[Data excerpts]
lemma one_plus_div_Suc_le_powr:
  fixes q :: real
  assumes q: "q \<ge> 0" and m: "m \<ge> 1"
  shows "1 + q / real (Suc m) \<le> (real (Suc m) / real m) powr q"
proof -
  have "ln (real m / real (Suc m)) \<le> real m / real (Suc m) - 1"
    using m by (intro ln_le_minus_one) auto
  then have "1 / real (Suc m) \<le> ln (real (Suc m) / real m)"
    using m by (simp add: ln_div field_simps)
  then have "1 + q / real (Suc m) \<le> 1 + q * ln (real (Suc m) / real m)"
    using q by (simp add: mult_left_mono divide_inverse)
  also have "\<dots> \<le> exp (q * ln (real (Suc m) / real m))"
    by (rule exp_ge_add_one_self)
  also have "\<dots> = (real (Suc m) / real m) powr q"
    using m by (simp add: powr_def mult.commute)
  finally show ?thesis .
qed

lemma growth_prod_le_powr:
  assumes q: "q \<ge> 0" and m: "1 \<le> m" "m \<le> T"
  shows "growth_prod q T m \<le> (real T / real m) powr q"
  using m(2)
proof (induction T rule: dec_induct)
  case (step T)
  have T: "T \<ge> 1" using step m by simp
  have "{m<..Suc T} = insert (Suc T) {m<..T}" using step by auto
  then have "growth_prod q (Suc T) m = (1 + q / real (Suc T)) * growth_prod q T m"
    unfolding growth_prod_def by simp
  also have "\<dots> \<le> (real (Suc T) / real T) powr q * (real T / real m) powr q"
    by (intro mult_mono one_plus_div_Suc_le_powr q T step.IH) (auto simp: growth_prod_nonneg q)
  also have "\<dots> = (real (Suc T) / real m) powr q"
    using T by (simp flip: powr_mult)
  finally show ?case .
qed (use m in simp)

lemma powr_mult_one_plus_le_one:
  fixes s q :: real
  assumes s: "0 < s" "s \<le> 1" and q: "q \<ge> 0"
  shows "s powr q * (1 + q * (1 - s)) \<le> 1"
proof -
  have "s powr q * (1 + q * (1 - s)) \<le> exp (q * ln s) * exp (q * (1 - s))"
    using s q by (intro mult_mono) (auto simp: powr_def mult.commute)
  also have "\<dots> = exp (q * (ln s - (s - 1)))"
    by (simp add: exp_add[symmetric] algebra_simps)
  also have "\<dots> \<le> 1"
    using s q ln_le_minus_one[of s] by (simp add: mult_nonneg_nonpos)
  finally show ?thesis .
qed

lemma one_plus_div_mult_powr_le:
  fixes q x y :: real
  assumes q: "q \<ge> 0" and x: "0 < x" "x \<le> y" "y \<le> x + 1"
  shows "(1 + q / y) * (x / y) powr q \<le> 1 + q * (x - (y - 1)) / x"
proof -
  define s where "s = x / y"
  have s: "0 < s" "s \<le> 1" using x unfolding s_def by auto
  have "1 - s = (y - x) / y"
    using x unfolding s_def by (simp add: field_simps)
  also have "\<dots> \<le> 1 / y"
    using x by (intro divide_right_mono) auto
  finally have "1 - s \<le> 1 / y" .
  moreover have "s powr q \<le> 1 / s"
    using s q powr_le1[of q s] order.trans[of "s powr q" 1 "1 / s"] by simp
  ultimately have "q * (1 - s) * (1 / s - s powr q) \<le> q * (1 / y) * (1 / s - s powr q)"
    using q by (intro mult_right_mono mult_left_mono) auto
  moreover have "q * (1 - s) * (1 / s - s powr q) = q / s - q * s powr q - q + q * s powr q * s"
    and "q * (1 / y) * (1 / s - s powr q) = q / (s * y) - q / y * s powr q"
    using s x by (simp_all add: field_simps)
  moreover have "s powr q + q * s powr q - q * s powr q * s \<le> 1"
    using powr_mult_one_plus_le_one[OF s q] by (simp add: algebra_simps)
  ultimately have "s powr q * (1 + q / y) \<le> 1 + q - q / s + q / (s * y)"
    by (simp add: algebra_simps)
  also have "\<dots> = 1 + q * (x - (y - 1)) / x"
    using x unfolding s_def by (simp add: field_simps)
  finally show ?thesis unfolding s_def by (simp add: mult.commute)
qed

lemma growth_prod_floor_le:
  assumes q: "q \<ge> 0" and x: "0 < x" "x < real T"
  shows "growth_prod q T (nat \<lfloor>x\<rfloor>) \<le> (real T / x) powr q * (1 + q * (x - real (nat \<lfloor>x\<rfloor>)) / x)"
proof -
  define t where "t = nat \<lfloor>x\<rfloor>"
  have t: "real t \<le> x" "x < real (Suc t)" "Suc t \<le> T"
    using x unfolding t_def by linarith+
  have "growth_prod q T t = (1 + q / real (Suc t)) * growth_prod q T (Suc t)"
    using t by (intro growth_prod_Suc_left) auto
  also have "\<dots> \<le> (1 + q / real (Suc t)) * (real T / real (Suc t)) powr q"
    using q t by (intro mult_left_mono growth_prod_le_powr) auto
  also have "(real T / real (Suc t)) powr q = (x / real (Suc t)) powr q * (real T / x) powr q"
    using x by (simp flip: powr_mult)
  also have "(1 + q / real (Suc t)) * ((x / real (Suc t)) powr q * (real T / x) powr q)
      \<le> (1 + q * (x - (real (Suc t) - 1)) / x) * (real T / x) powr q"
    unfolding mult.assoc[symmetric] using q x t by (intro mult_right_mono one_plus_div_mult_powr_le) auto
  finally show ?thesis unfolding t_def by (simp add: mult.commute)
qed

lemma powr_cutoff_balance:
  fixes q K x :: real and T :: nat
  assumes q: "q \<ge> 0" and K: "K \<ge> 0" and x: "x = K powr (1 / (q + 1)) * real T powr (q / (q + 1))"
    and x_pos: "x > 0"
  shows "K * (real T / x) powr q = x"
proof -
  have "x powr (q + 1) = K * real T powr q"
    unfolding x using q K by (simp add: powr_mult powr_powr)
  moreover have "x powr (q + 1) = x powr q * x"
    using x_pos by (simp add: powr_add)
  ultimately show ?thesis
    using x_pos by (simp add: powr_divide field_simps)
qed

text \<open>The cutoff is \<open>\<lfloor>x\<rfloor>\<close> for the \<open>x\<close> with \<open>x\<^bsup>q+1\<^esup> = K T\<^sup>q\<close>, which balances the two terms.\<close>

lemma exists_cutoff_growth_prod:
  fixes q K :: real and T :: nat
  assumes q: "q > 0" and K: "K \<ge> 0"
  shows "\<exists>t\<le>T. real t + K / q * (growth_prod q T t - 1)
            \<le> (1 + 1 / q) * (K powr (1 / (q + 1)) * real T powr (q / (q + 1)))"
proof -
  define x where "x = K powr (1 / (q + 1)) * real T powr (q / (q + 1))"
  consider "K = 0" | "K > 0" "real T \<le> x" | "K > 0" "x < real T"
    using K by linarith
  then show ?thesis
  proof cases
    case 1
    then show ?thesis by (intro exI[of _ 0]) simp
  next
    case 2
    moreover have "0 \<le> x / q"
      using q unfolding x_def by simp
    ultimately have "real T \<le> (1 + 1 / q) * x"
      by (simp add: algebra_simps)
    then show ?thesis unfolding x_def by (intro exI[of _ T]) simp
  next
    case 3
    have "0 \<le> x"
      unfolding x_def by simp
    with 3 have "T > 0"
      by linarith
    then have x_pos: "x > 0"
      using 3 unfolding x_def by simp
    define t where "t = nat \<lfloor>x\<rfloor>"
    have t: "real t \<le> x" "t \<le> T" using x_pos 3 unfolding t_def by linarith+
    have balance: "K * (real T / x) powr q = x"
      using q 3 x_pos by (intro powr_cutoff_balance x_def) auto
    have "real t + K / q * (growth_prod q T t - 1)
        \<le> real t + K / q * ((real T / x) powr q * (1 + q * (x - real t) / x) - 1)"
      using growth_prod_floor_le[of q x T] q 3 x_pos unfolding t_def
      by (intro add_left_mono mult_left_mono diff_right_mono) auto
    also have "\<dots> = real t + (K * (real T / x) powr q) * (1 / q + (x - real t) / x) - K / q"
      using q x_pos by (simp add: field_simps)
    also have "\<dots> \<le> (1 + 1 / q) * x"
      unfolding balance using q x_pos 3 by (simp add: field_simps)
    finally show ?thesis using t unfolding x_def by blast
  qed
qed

### EXERCISE GOAL
From the line containing "using q unfolding x_def by simp" down to the last line of the records, transcribe every line exactly and add nothing else.

### RESPONSE TO THIS EXERCISE
      using q unfolding x_def by simp
    ultimately have "real T \<le> (1 + 1 / q) * x"
      by (simp add: algebra_simps)
    then show ?thesis unfolding x_def by (intro exI[of _ T]) simp
  next
    case 3
    have "0 \<le> x"
      unfolding x_def by simp
    with 3 have "T > 0"
      by linarith
    then have x_pos: "x > 0"
      using 3 unfolding x_def by simp
    define t where "t = nat \<lfloor>x\<rfloor>"
    have t: "real t \<le> x" "t \<le> T" using x_pos 3 unfolding t_def by linarith+
    have balance: "K * (real T / x) powr q = x"
      using q 3 x_pos by (intro powr_cutoff_balance x_def) auto
    have "real t + K / q * (growth_prod q T t - 1)
        \<le> real t + K / q * ((real T / x) powr q * (1 + q * (x - real t) / x) - 1)"
      using growth_prod_floor_le[of q x T] q 3 x_pos unfolding t_def
      by (intro add_left_mono mult_left_mono diff_right_mono) auto
    also have "\<dots> = real t + (K * (real T / x) powr q) * (1 / q + (x - real t) / x) - K / q"
      using q x_pos by (simp add: field_simps)
    also have "\<dots> \<le> (1 + 1 / q) * x"
      unfolding balance using q x_pos 3 by (simp add: field_simps)
    finally show ?thesis using t unfolding x_def by blast
  qed
qed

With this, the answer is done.